● **YOUR ASSIGNMENT**:
Within the listing below, filter for "group" and copy every matching line.

● **RAW DATA**:

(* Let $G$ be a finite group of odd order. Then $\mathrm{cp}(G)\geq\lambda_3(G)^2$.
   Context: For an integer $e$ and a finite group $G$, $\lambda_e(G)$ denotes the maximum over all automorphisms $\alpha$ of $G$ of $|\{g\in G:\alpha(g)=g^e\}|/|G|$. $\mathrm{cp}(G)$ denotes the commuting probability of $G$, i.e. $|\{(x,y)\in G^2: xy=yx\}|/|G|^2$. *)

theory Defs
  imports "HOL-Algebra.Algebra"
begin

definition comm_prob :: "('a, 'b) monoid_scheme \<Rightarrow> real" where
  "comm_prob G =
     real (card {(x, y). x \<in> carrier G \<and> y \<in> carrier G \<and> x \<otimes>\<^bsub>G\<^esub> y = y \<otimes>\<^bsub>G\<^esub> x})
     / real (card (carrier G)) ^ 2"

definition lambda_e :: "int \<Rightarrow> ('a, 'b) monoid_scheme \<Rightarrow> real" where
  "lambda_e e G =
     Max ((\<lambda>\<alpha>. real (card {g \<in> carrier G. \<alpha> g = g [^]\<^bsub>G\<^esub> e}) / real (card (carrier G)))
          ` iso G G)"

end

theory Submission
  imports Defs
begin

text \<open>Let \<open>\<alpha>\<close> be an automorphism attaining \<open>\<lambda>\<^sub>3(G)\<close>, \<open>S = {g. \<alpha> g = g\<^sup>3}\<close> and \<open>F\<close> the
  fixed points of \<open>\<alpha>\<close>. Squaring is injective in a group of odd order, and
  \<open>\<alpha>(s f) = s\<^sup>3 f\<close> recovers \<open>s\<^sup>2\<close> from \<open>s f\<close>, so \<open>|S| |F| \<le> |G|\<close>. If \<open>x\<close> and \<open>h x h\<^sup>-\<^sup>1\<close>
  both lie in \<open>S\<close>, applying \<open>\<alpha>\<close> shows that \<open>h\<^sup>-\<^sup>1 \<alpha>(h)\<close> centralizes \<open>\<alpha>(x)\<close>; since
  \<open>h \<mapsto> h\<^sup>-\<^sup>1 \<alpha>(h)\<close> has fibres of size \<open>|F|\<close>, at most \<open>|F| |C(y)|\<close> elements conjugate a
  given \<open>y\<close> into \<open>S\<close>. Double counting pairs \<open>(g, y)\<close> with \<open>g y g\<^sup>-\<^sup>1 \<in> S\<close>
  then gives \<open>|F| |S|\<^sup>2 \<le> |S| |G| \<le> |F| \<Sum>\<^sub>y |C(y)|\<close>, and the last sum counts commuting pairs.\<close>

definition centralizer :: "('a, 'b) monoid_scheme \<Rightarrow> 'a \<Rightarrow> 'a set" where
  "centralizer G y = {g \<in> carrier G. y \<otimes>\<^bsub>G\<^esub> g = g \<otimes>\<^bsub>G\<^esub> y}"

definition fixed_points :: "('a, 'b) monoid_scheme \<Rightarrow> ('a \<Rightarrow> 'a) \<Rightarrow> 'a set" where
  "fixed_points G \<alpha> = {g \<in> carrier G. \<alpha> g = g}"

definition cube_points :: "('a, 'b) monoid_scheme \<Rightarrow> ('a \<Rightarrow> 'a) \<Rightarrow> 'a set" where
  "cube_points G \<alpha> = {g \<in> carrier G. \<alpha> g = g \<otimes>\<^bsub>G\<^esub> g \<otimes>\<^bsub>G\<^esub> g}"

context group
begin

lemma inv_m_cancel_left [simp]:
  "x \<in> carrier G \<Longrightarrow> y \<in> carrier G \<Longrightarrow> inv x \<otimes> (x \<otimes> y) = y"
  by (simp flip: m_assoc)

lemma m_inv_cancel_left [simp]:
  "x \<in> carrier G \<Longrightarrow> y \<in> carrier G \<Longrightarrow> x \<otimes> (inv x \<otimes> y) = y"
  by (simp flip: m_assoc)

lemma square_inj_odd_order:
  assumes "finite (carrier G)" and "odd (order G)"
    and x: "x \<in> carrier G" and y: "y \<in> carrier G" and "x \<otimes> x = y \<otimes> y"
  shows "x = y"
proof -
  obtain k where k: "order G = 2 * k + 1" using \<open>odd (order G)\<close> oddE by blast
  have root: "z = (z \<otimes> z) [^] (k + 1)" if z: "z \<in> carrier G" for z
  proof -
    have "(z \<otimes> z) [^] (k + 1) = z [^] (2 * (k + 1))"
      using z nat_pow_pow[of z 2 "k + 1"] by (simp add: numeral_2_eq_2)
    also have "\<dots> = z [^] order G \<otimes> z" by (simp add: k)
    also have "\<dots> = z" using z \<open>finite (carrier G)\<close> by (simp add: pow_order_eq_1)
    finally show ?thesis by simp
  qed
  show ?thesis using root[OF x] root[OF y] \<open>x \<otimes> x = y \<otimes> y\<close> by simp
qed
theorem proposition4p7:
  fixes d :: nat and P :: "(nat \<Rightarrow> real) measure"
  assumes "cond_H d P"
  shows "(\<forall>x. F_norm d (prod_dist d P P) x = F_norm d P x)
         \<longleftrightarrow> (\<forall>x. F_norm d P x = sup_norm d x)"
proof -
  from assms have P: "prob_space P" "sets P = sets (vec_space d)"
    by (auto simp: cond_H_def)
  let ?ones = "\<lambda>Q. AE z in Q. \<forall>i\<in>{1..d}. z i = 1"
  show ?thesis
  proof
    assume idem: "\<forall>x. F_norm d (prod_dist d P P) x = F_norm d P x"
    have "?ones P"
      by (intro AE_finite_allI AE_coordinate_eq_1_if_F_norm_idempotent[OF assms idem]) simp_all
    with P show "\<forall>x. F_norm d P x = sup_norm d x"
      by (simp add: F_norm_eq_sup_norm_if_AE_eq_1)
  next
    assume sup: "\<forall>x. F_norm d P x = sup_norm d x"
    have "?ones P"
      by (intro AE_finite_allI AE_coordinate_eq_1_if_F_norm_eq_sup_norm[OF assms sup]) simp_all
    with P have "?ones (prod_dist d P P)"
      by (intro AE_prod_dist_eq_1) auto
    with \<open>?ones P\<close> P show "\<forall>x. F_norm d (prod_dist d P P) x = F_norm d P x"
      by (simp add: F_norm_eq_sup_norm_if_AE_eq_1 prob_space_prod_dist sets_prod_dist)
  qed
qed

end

● **REPLY TO THE TASK**:
(* Let $G$ be a finite group of odd order. Then $\mathrm{cp}(G)\geq\lambda_3(G)^2$.
   Context: For an integer $e$ and a finite group $G$, $\lambda_e(G)$ denotes the maximum over all automorphisms $\alpha$ of $G$ of $|\{g\in G:\alpha(g)=g^e\}|/|G|$. $\mathrm{cp}(G)$ denotes the commuting probability of $G$, i.e. $|\{(x,y)\in G^2: xy=yx\}|/|G|^2$. *)
  fixed points of \<open>\<alpha>\<close>. Squaring is injective in a group of odd order, and
context group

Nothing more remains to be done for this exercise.